§ Activity
Print every line of the records below exactly as it reads.

(Saved entries)
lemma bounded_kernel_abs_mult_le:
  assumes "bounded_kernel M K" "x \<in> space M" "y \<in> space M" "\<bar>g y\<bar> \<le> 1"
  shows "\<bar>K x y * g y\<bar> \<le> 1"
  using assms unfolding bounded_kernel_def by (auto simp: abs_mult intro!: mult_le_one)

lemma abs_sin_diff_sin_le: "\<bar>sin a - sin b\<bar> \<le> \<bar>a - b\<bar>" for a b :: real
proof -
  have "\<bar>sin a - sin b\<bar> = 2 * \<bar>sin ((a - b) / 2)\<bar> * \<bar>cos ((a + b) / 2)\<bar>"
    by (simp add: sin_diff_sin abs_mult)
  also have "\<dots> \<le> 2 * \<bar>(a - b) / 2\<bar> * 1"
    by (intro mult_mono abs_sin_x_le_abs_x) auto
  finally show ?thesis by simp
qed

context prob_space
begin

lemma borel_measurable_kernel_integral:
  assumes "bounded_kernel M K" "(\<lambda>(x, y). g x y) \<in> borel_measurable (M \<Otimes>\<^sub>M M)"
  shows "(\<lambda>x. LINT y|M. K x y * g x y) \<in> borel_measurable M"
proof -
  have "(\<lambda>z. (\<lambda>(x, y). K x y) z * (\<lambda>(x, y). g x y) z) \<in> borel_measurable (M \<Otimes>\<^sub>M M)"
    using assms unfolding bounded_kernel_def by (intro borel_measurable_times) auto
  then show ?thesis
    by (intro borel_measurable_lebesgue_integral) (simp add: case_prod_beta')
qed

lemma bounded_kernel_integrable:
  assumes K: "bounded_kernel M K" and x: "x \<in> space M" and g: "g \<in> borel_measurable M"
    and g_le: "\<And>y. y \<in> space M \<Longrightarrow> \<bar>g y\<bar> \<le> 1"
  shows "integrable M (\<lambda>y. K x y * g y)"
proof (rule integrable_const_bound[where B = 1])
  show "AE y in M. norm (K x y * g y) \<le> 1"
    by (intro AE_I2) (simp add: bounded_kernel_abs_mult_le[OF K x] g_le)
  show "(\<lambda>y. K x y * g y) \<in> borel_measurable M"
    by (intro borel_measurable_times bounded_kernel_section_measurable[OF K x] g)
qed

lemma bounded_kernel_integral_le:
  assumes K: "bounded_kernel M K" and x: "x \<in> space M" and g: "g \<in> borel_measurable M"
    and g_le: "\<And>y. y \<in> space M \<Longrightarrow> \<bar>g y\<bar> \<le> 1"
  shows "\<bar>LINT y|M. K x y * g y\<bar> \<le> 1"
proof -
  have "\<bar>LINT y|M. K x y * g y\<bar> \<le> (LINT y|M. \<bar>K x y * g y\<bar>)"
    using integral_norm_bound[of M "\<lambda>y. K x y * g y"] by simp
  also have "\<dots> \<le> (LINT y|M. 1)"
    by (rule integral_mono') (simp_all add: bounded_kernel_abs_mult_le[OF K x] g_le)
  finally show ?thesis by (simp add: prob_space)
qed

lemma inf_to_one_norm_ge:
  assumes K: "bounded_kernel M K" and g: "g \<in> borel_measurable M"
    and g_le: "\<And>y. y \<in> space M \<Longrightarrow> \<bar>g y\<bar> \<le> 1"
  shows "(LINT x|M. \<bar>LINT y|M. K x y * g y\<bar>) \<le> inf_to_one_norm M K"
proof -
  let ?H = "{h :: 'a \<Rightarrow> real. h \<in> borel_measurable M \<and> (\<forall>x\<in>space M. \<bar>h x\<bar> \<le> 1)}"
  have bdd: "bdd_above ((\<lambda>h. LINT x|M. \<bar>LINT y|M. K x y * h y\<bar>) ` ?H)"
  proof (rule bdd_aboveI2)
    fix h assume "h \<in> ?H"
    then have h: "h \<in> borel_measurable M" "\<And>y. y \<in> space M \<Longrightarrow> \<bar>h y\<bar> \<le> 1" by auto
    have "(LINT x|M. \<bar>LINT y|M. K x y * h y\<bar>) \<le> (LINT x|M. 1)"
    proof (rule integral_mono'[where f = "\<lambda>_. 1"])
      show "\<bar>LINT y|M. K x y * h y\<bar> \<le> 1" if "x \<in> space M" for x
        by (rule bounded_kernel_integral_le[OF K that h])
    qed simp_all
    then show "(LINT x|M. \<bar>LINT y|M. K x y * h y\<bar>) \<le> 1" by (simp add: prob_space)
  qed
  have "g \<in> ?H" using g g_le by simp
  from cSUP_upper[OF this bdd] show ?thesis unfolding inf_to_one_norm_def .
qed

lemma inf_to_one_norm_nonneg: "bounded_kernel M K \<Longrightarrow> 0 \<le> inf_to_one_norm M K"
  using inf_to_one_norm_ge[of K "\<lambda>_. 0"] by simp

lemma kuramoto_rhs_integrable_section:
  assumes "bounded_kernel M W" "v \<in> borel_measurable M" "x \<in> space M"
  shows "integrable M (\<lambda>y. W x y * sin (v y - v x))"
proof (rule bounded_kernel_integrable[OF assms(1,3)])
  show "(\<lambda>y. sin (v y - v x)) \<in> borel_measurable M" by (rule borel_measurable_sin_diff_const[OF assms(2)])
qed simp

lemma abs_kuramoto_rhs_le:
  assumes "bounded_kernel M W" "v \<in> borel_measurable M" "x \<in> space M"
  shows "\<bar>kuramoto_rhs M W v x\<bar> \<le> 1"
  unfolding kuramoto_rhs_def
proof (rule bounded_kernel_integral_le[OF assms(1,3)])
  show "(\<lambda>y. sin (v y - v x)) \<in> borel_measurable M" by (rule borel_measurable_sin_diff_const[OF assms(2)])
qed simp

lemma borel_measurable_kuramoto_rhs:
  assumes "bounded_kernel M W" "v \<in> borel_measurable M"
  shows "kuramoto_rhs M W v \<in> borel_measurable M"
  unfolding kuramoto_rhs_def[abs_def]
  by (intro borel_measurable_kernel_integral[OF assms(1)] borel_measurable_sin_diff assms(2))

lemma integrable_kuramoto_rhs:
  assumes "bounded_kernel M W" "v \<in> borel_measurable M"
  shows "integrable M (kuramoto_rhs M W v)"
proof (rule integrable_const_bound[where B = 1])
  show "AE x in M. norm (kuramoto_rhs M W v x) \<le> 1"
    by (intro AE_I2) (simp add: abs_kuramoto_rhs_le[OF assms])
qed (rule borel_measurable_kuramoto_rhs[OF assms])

§ Written answer
lemma bounded_kernel_abs_mult_le:
  assumes "bounded_kernel M K" "x \<in> space M" "y \<in> space M" "\<bar>g y\<bar> \<le> 1"
  shows "\<bar>K x y * g y\<bar> \<le> 1"
  using assms unfolding bounded_kernel_def by (auto simp: abs_mult intro!: mult_le_one)

lemma abs_sin_diff_sin_le: "\<bar>sin a - sin b\<bar> \<le> \<bar>a - b\<bar>" for a b :: real
proof -
  have "\<bar>sin a - sin b\<bar> = 2 * \<bar>sin ((a - b) / 2)\<bar> * \<bar>cos ((a + b) / 2)\<bar>"
    by (simp add: sin_diff_sin abs_mult)
  also have "\<dots> \<le> 2 * \<bar>(a - b) / 2\<bar> * 1"
    by (intro mult_mono abs_sin_x_le_abs_x) auto
  finally show ?thesis by simp
qed

context prob_space
begin

lemma borel_measurable_kernel_integral:
  assumes "bounded_kernel M K" "(\<lambda>(x, y). g x y) \<in> borel_measurable (M \<Otimes>\<^sub>M M)"
  shows "(\<lambda>x. LINT y|M. K x y * g x y) \<in> borel_measurable M"
proof -
  have "(\<lambda>z. (\<lambda>(x, y). K x y) z * (\<lambda>(x, y). g x y) z) \<in> borel_measurable (M \<Otimes>\<^sub>M M)"
    using assms unfolding bounded_kernel_def by (intro borel_measurable_times) auto
  then show ?thesis
    by (intro borel_measurable_lebesgue_integral) (simp add: case_prod_beta')
qed

lemma bounded_kernel_integrable:
  assumes K: "bounded_kernel M K" and x: "x \<in> space M" and g: "g \<in> borel_measurable M"
    and g_le: "\<And>y. y \<in> space M \<Longrightarrow> \<bar>g y\<bar> \<le> 1"
  shows "integrable M (\<lambda>y. K x y * g y)"
proof (rule integrable_const_bound[where B = 1])
  show "AE y in M. norm (K x y * g y) \<le> 1"
    by (intro AE_I2) (simp add: bounded_kernel_abs_mult_le[OF K x] g_le)
  show "(\<lambda>y. K x y * g y) \<in> borel_measurable M"
    by (intro borel_measurable_times bounded_kernel_section_measurable[OF K x] g)
qed

lemma bounded_kernel_integral_le:
  assumes K: "bounded_kernel M K" and x: "x \<in> space M" and g: "g \<in> borel_measurable M"
    and g_le: "\<And>y. y \<in> space M \<Longrightarrow> \<bar>g y\<bar> \<le> 1"
  shows "\<bar>LINT y|M. K x y * g y\<bar> \<le> 1"
proof -
  have "\<bar>LINT y|M. K x y * g y\<bar> \<le> (LINT y|M. \<bar>K x y * g y\<bar>)"
    using integral_norm_bound[of M "\<lambda>y. K x y * g y"] by simp
  also have "\<dots> \<le> (LINT y|M. 1)"
    by (rule integral_mono') (simp_all add: bounded_kernel_abs_mult_le[OF K x] g_le)
  finally show ?thesis by (simp add: prob_space)
qed

lemma inf_to_one_norm_ge:
  assumes K: "bounded_kernel M K" and g: "g \<in> borel_measurable M"
    and g_le: "\<And>y. y \<in> space M \<Longrightarrow> \<bar>g y\<bar> \<le> 1"
  shows "(LINT x|M. \<bar>LINT y|M. K x y * g y\<bar>) \<le> inf_to_one_norm M K"
proof -
  let ?H = "{h :: 'a \<Rightarrow> real. h \<in> borel_measurable M \<and> (\<forall>x\<in>space M. \<bar>h x\<bar> \<le> 1)}"
  have bdd: "bdd_above ((\<lambda>h. LINT x|M. \<bar>LINT y|M. K x y * h y\<bar>) ` ?H)"
  proof (rule bdd_aboveI2)
    fix h assume "h \<in> ?H"
    then have h: "h \<in> borel_measurable M" "\<And>y. y \<in> space M \<Longrightarrow> \<bar>h y\<bar> \<le> 1" by auto
    have "(LINT x|M. \<bar>LINT y|M. K x y * h y\<bar>) \<le> (LINT x|M. 1)"
    proof (rule integral_mono'[where f = "\<lambda>_. 1"])
      show "\<bar>LINT y|M. K x y * h y\<bar> \<le> 1" if "x \<in> space M" for x
        by (rule bounded_kernel_integral_le[OF K that h])
    qed simp_all
    then show "(LINT x|M. \<bar>LINT y|M. K x y * h y\<bar>) \<le> 1" by (simp add: prob_space)
  qed
  have "g \<in> ?H" using g g_le by simp
  from cSUP_upper[OF this bdd] show ?thesis unfolding inf_to_one_norm_def .
qed

lemma inf_to_one_norm_nonneg: "bounded_kernel M K \<Longrightarrow> 0 \<le> inf_to_one_norm M K"
  using inf_to_one_norm_ge[of K "\<lambda>_. 0"] by simp

lemma kuramoto_rhs_integrable_section:
  assumes "bounded_kernel M W" "v \<in> borel_measurable M" "x \<in> space M"
  shows "integrable M (\<lambda>y. W x y * sin (v y - v x))"
proof (rule bounded_kernel_integrable[OF assms(1,3)])
  show "(\<lambda>y. sin (v y - v x)) \<in> borel_measurable M" by (rule borel_measurable_sin_diff_const[OF assms(2)])
qed simp

lemma abs_kuramoto_rhs_le:
  assumes "bounded_kernel M W" "v \<in> borel_measurable M" "x \<in> space M"
  shows "\<bar>kuramoto_rhs M W v x\<bar> \<le> 1"
  unfolding kuramoto_rhs_def
proof (rule bounded_kernel_integral_le[OF assms(1,3)])
  show "(\<lambda>y. sin (v y - v x)) \<in> borel_measurable M" by (rule borel_measurable_sin_diff_const[OF assms(2)])
qed simp

lemma borel_measurable_kuramoto_rhs:
  assumes "bounded_kernel M W" "v \<in> borel_measurable M"
  shows "kuramoto_rhs M W v \<in> borel_measurable M"
  unfolding kuramoto_rhs_def[abs_def]
  by (intro borel_measurable_kernel_integral[OF assms(1)] borel_measurable_sin_diff assms(2))

lemma integrable_kuramoto_rhs:
  assumes "bounded_kernel M W" "v \<in> borel_measurable M"
  shows "integrable M (kuramoto_rhs M W v)"
proof (rule integrable_const_bound[where B = 1])
  show "AE x in M. norm (kuramoto_rhs M W v x) \<le> 1"
    by (intro AE_I2) (simp add: abs_kuramoto_rhs_le[OF assms])
qed (rule borel_measurable_kuramoto_rhs[OF assms])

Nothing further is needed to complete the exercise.